→ Supplied material:
==*==

(* Let $f:[-1,1]^n \to [-1,1]$ be a multilinear function and let $D$ be a distribution over $\mathbb{R}$ with mean $\mu$ and variance $\sigma^2 < 1-\mu^2$. Then for every nonnegative integer $d$ there exists a polynomial $f^{\le d}$ of degree at most $d$ such that $$\mathbb{E}_{x \sim D^{\otimes n}}\big[(f(x) - f^{\le d}(x))^2\big] \le \Big( \frac{\sigma^2}{1-\mu^2} \Big)^d .$$
   Context: A function on $[-1,1]^n$ is multilinear if it is a polynomial of degree at most one in each variable. $D^{\otimes n}$ is the product distribution with i.i.d. coordinates of law $D$. *)

theory Defs
  imports "HOL-Probability.Probability"
begin

text \<open>Points of R^n are represented as functions nat => real; only coordinates 0..n-1 matter.\<close>

definition multilinear :: "nat \<Rightarrow> ((nat \<Rightarrow> real) \<Rightarrow> real) \<Rightarrow> bool" where
  "multilinear n f \<longleftrightarrow>
     (\<exists>c :: nat set \<Rightarrow> real. \<forall>x. f x = (\<Sum>S\<in>Pow {..<n}. c S * (\<Prod>i\<in>S. x i)))"

definition multi_indices :: "nat \<Rightarrow> nat \<Rightarrow> (nat \<Rightarrow> nat) set" where
  "multi_indices n d = {\<alpha>. (\<forall>i. n \<le> i \<longrightarrow> \<alpha> i = 0) \<and> sum \<alpha> {..<n} \<le> d}"

definition poly_deg_le :: "nat \<Rightarrow> nat \<Rightarrow> ((nat \<Rightarrow> real) \<Rightarrow> real) \<Rightarrow> bool" where
  "poly_deg_le n d p \<longleftrightarrow>
     (\<exists>c :: (nat \<Rightarrow> nat) \<Rightarrow> real.
        \<forall>x. p x = (\<Sum>\<alpha>\<in>multi_indices n d. c \<alpha> * (\<Prod>i<n. x i ^ \<alpha> i)))"

end

theory Submission
  imports Defs
begin

text \<open>Expand f in centred monomials, f x = \<Sum>T\<subseteq>{..<n}. g(T) \<Prod>i\<in>T. (x i - \<mu>). Under D^n the
  centred monomials are orthogonal with squared norms \<sigma>^(2|T|), so dropping the terms with
  |T| > d costs exactly the sum of g(T)^2 \<sigma>^(2|T|) over |T| > d. They are just as orthogonal
  under the {-1,1}-valued distribution with mean \<mu>, now with squared norms (1 - \<mu>^2)^|T|; as
  |f| \<le> 1 on its support, the sum of g(T)^2 (1 - \<mu>^2)^|T| over all T is at most 1. For |T| > d
  the two weights differ by the factor (\<sigma>^2 / (1 - \<mu>^2))^|T| \<le> (\<sigma>^2 / (1 - \<mu>^2))^d.\<close>

definition centered_monomial :: "real \<Rightarrow> nat set \<Rightarrow> (nat \<Rightarrow> real) \<Rightarrow> real" where
  "centered_monomial m T x = (\<Prod>i\<in>T. x i - m)"

lemma prod_if_mem_eq:
  assumes "finite I" "T \<subseteq> I"
  shows "(\<Prod>i\<in>I. if i \<in> T then h i else 1) = prod h T"
  using prod.inter_restrict[OF assms(1), of h T] assms(2) by (simp add: Int_absorb1)

lemma centered_monomial_mult_eq_prod:
  assumes "finite I" "T \<subseteq> I" "U \<subseteq> I"
  shows "centered_monomial m T x * centered_monomial m U x =
    (\<Prod>i\<in>I. (if i \<in> T then x i - m else 1) * (if i \<in> U then x i - m else 1))"
  by (simp add: prod.distrib prod_if_mem_eq assms centered_monomial_def)

context
  fixes M :: "real measure" and m v :: real
  assumes M_prob: "prob_space M"
    and M_square_integrable: "integrable M (\<lambda>t. t\<^sup>2)"
    and M_ident_measurable: "(\<lambda>t. t) \<in> borel_measurable M"
    and m_eq: "m = (\<integral>t. t \<partial>M)"
    and v_eq: "v = (\<integral>t. (t - m)\<^sup>2 \<partial>M)"
begin

lemma integral_centered_monomial_mult:
  assumes "finite I" "T \<subseteq> I" "U \<subseteq> I"
  shows "integrable (PiM I (\<lambda>_. M)) (\<lambda>x. centered_monomial m T x * centered_monomial m U x)"
    and "(\<integral>x. centered_monomial m T x * centered_monomial m U x \<partial>PiM I (\<lambda>_. M)) =
           (if T = U then v ^ card T else 0)"
proof -
  interpret prob_space M by (fact M_prob)
  define h where "h i = (\<lambda>t. (if i \<in> T then t - m else 1) * (if i \<in> U then t - m else 1))" for i
  have id_integrable: "integrable M (\<lambda>t. t)"
    by (rule square_integrable_imp_integrable[OF M_ident_measurable M_square_integrable])
  interpret P: product_prob_space "\<lambda>_. M" by unfold_locales
  have "integrable M (\<lambda>t. t\<^sup>2 - 2 * m * t + m\<^sup>2)"
    using M_square_integrable id_integrable by simp
  then have "integrable M (\<lambda>t. (t - m) * (t - m))"
    by (simp add: power2_eq_square algebra_simps)
  then have h_integrable: "integrable M (h i)" for i
    using id_integrable by (cases "i \<in> T"; cases "i \<in> U") (simp_all add: h_def)
  have v_eq_integral_square: "integral\<^sup>L M (\<lambda>t. (t - m) * (t - m)) = v"
    unfolding v_eq by (simp only: power2_eq_square)
  have integral_h: "integral\<^sup>L M (h i) =
      (if i \<in> T \<and> i \<in> U then v else if i \<in> T \<or> i \<in> U then 0 else 1)" for i
    using id_integrable by (auto simp: h_def m_eq[symmetric] v_eq_integral_square prob_space)
  have product_eq: "(\<lambda>x. centered_monomial m T x * centered_monomial m U x) = (\<lambda>x. \<Prod>i\<in>I. h i (x i))"
    using centered_monomial_mult_eq_prod[OF assms] by (simp add: h_def)
  show "integrable (PiM I (\<lambda>_. M)) (\<lambda>x. centered_monomial m T x * centered_monomial m U x)"
    unfolding product_eq using assms(1) h_integrable by (rule P.product_integrable_prod)
  have "(\<integral>x. centered_monomial m T x * centered_monomial m U x \<partial>PiM I (\<lambda>_. M)) =
      (\<Prod>i\<in>I. integral\<^sup>L M (h i))"
    unfolding product_eq using assms(1) h_integrable by (rule P.product_integral_prod)
  also have "\<dots> = (if T = U then v ^ card T else 0)"
  proof (cases "T = U")
    case True
    show ?thesis
      using assms by (simp add: True integral_h prod_if_mem_eq finite_subset cong: if_cong)
  next
    case False
    then obtain i where "i \<in> T \<and> i \<notin> U \<or> i \<in> U \<and> i \<notin> T"
      by blast
    then have "i \<in> I" "integral\<^sup>L M (h i) = 0"
      using assms by (auto simp: integral_h)
    then show ?thesis
      using False assms(1) by (auto intro: prod_zero)
  qed
  finally show "(\<integral>x. centered_monomial m T x * centered_monomial m U x \<partial>PiM I (\<lambda>_. M)) =
      (if T = U then v ^ card T else 0)" .
qed

lemma integral_centered_expansion_square:
  assumes "finite I"
  shows "integrable (PiM I (\<lambda>_. M)) (\<lambda>x. (\<Sum>T\<in>Pow I. a T * centered_monomial m T x)\<^sup>2)"
    and "(\<integral>x. (\<Sum>T\<in>Pow I. a T * centered_monomial m T x)\<^sup>2 \<partial>PiM I (\<lambda>_. M)) =
           (\<Sum>T\<in>Pow I. (a T)\<^sup>2 * v ^ card T)"
proof -
  have square_eq: "(\<lambda>x. (\<Sum>T\<in>Pow I. a T * centered_monomial m T x)\<^sup>2) =
      (\<lambda>x. \<Sum>T\<in>Pow I. \<Sum>U\<in>Pow I. a T * a U * (centered_monomial m T x * centered_monomial m U x))"
    by (auto simp: power2_eq_square sum_product algebra_simps)
  note products = integral_centered_monomial_mult[OF assms]
  have inner_integrable: "integrable (PiM I (\<lambda>_. M))
      (\<lambda>x. \<Sum>U\<in>Pow I. a T * a U * (centered_monomial m T x * centered_monomial m U x))"
    if "T \<in> Pow I" for T
    using products(1) that by (auto intro!: Bochner_Integration.integrable_sum)
  show "integrable (PiM I (\<lambda>_. M)) (\<lambda>x. (\<Sum>T\<in>Pow I. a T * centered_monomial m T x)\<^sup>2)"
    unfolding square_eq using inner_integrable by (rule Bochner_Integration.integrable_sum)
  have "(\<integral>x. (\<Sum>T\<in>Pow I. a T * centered_monomial m T x)\<^sup>2 \<partial>PiM I (\<lambda>_. M)) =
      (\<Sum>T\<in>Pow I. \<Sum>U\<in>Pow I. a T * a U * (if T = U then v ^ card T else 0))"
    unfolding square_eq using products by (simp add: inner_integrable)
  also have "\<dots> = (\<Sum>T\<in>Pow I. (a T)\<^sup>2 * v ^ card T)"
    using assms by (simp add: power2_eq_square if_distrib cong: if_cong)
  finally show "(\<integral>x. (\<Sum>T\<in>Pow I. a T * centered_monomial m T x)\<^sup>2 \<partial>PiM I (\<lambda>_. M)) =
      (\<Sum>T\<in>Pow I. (a T)\<^sup>2 * v ^ card T)" .
qed

end

lemma prod_eq_sum_centered_monomials:
  assumes "finite I" "S \<subseteq> I"
  shows "(\<Prod>i\<in>S. x i) =
    (\<Sum>T\<in>Pow I. (if T \<subseteq> S then m ^ card (S - T) else 0) * centered_monomial m T x)"
proof -
  have "(\<Prod>i\<in>S. x i) = (\<Prod>i\<in>S. (x i - m) + m)"
    by simp
  also have "\<dots> = (\<Sum>T\<in>Pow S. (\<Prod>i\<in>T. x i - m) * (\<Prod>i\<in>S - T. m))"
    using finite_subset[OF assms(2,1)] by (rule prod_add)
  also have "\<dots> = (\<Sum>T\<in>Pow I \<inter> Pow S. centered_monomial m T x * m ^ card (S - T))"
    by (simp add: centered_monomial_def Int_absorb1[OF Pow_mono[OF assms(2)]])
  also have "\<dots> = (\<Sum>T\<in>Pow I. if T \<in> Pow S then centered_monomial m T x * m ^ card (S - T) else 0)"
    using assms(1) by (simp add: sum.inter_restrict)
  also have "\<dots> = (\<Sum>T\<in>Pow I. (if T \<subseteq> S then m ^ card (S - T) else 0) * centered_monomial m T x)"
    by (intro sum.cong) auto
  finally show ?thesis .
qed

lemma multilinear_centered_expansion:
  assumes "multilinear n f"
  obtains g where "\<And>x. f x = (\<Sum>T\<in>Pow {..<n}. g T * centered_monomial m T x)"
proof -
  obtain c where c: "\<And>x. f x = (\<Sum>S\<in>Pow {..<n}. c S * (\<Prod>i\<in>S. x i))"
    using assms unfolding multilinear_def by blast
  define e where "e S T = (if T \<subseteq> S then m ^ card (S - T) else 0)" for S T :: "nat set"
  have "f x = (\<Sum>T\<in>Pow {..<n}. (\<Sum>S\<in>Pow {..<n}. c S * e S T) * centered_monomial m T x)" for x
  proof -
    have "f x = (\<Sum>S\<in>Pow {..<n}. c S * (\<Sum>T\<in>Pow {..<n}. e S T * centered_monomial m T x))"
      unfolding c e_def by (intro sum.cong refl) (simp add: prod_eq_sum_centered_monomials)
    also have "\<dots> = (\<Sum>S\<in>Pow {..<n}. \<Sum>T\<in>Pow {..<n}. c S * e S T * centered_monomial m T x)"
      by (simp add: sum_distrib_left mult.assoc)
    also have "\<dots> = (\<Sum>T\<in>Pow {..<n}. \<Sum>S\<in>Pow {..<n}. c S * e S T * centered_monomial m T x)"
      by (rule sum.swap)
    finally show ?thesis
      by (simp add: sum_distrib_right)
  qed
  then show thesis
    by (rule that)
qed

==*==

The assignment is to restate, word for word, each line from the one containing "unfolding c e_def" through the final line of the material above.

      unfolding c e_def by (intro sum.cong refl) (simp add: prod_eq_sum_centered_monomials)
    also have "\<dots> = (\<Sum>S\<in>Pow {..<n}. \<Sum>T\<in>Pow {..<n}. c S * e S T * centered_monomial m T x)"
      by (simp add: sum_distrib_left mult.assoc)
    also have "\<dots> = (\<Sum>T\<in>Pow {..<n}. \<Sum>S\<in>Pow {..<n}. c S * e S T * centered_monomial m T x)"
      by (rule sum.swap)
    finally show ?thesis
      by (simp add: sum_distrib_right)
  qed
  then show thesis
    by (rule that)
qed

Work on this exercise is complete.